Hematoxylin-eosin stained
The placenta was inspected by sectioning at 1–2 cm intervals looking for irregularities and procured tissue was fixed in 10% formalin for hematoxylin for 24–48 h, and then routinely processed under standard biosafety measures. Hematoxylin-eosin stained sections were prepared, and slides were examined by two pathologists (Bangxing Huang & Xiu Nie).
Immunohistochemistry analysis
To detect the distribution of ACE2 in placenta, immunohistochemistry staining was carried out, using antibody ACE2 from Abcam (catalog no. ab15348; dilution 1:200; Cambridge, MA). Immunohistochemistry was performed according to manufacturers’ protocols on a Dako Link 48 automated stainer. Whole 4-μm tissue sections were de-waxed, rehydrated in an ethanol gradient, and rinsed with phosphate-buffered saline. Following pressure cooker-mediated antigen retrieval in citrate buffer (pH 6.0) for 1 min and 30 s, the endogenous peroxidase activity and non-specific binding were blocked using 1% H2O2 and 1% bovine serum albumin for 20 min at room temperature. The slides were subsequently incubated with antibody ACE2 from Abcam (catalog no. ab15348; dilution 1:200) overnight at 4 °C. Immunodetections were performed using the DaKo EnVision Kit (DakoCytomation, Denmark), and Diaminobenzidine (DakoCytomation) was used as the chromogen. Negative controls (primary antibodies replaced by phosphate-buffered saline buffer) were conducted to exclude the possibility of non-specific staining.

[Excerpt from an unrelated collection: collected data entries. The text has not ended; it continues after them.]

(* For all integers $n,d,k\ge0$, $T(n,\omega^d\cdot k)\le P(n,\omega^d\cdot k)$.
   Context: $[c]=\{1,\dots,c\}$; ordinals are identified with sets of smaller ordinals; $\approx$ is order-equivalence; $\binom{S}{n}$ is the set of $n$-element subsets. $T(n,S)$ is the least $t\in\mathbb{N}$ such that for every $c\ge1$ and every $\mathrm{COL}:\binom{S}{n}\to[c]$ there is $S'\subseteq S$, $S'\approx S$, with $|\mathrm{COL}(\binom{S'}{n})|\le t$ ($\infty$ if none). Every $\beta<\omega^d\cdot k$ is uniquely $\omega^d b+\sum_{j<d}\omega^j a_j$ with $0\le b<k$, $a_j\in\mathbb{N}$. A coloring rule (CR) on $\binom{\omega^d\cdot k}{n}$ is a pair $(\mathcal{Y},\preceq)$ with $\mathcal{Y}:\{1,\dots,n\}\to\{0,\dots,k-1\}$ and $\preceq$ a total preorder on $I=\{(i,j):1\le i\le n,0\le j<d\}$ (with induced equivalence $\equiv$ and strict part $\prec$) such that: (1) if $d\ge1$, $(i,0)\prec(i',0)$ for $i<i'$; if $d=0$, $\mathcal{Y}(i)<\mathcal{Y}(i')$ for $i<i'$; (2) $(i,j)\equiv(i',j)$ for some $j$ implies $\mathcal{Y}(i)=\mathcal{Y}(i')$; (3) $(i,j)\prec(i,j')$ for $j>j'$; (4) $(i,j)\equiv(i',j')$ implies $j=j'$; (5) for $j>0$, $(i,j)\not\equiv(i',j)$ implies $(i,j-1)\not\equiv(i',j-1)$. $P(n,\omega^d\cdot k)$ is the total number of CRs on $\binom{\omega^d\cdot k}{n}$. *)

theory Defs
  imports Main "HOL-Library.FuncSet" "HOL-Library.Extended_Nat"
begin

text \<open>Ordinals below omega^d * k are represented by their Cantor normal form
  coefficient lists [b, a_(d-1), ..., a_0] of length d+1 with b < k.
  The ordinal order is then the lexicographic order on these equal-length lists.\<close>

definition ord_less :: "nat list \<Rightarrow> nat list \<Rightarrow> bool" where
  "ord_less xs ys \<longleftrightarrow> (xs, ys) \<in> lexord {(a, b). a < b}"

definition omega_times :: "nat \<Rightarrow> nat \<Rightarrow> nat list set" where
  "omega_times d k = {xs. length xs = Suc d \<and> hd xs < k}"

definition order_equiv :: "nat list set \<Rightarrow> nat list set \<Rightarrow> bool" where
  "order_equiv A B \<longleftrightarrow> (\<exists>f. bij_betw f A B \<and>
      (\<forall>x\<in>A. \<forall>y\<in>A. ord_less x y \<longrightarrow> ord_less (f x) (f y)))"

ACE2 evaluation criteria: the area quartering method was 1, 2, 3, and 4 scores, and the staining intensity was 1 (weak), 2 (medium), and 3 (strong), respectively. The total scores were area scores multiply staining intensity scores.
Real-time PCR analysis
Real-time reverse transcription-polymerase chain reaction (RT-PCR) assay for SARS-CoV-2 infection Fourteen 5-mm-thick formalin-fixed, paraffin-embedded sections were used for RNA extraction using an AmoyDx FFPE RNA extraction kit (Amoy Diagnostics, Xiamen, China). SARS-CoV-2 RNA was detected using a real-time multiplex RT-PCR kit (Liferiver Biotechnology, Shanghai, China), which detects the SARS-CoV-2 RdRp gene, E gene, and N gene simultaneously. RT-PCR was performed on an Mx3000 P real-time PCR system (Agilent Technologies, Santa Clara, CA, USA). According to the manufacturer's protocol, a threshold cycle (Ct) of 43 for all three genes, or the RdRp and E genes, or the RdRp and N genes indicated the presence of SARS-CoV-2.
Results
Early pregnancy infections were noted in three women who were infected at 6–27 weeks of gestation and who recovered after treatment for pneumonia. Before delivery, CT imaging showed the resolution of pneumonia. Throat swab SARS-CoV-2 tests were performed twice, which showed negative results. Only the SARS-CoV-2 IgG antibody test was positive. Case 1 delivered at 40 weeks of gestation after administration of dinoprostone suppository, which improved cervical ripening and oxytocin augmentation of uterine contraction. Case 2 had premature rupture of membranes at 35 weeks with a transverse presentation and delivered via cesarean section. Case 3 was infected with the SARS-CoV-2 at 6 weeks of gestation and underwent an induced medical abortion at 12 weeks after administration of mifepristone and misoprostol.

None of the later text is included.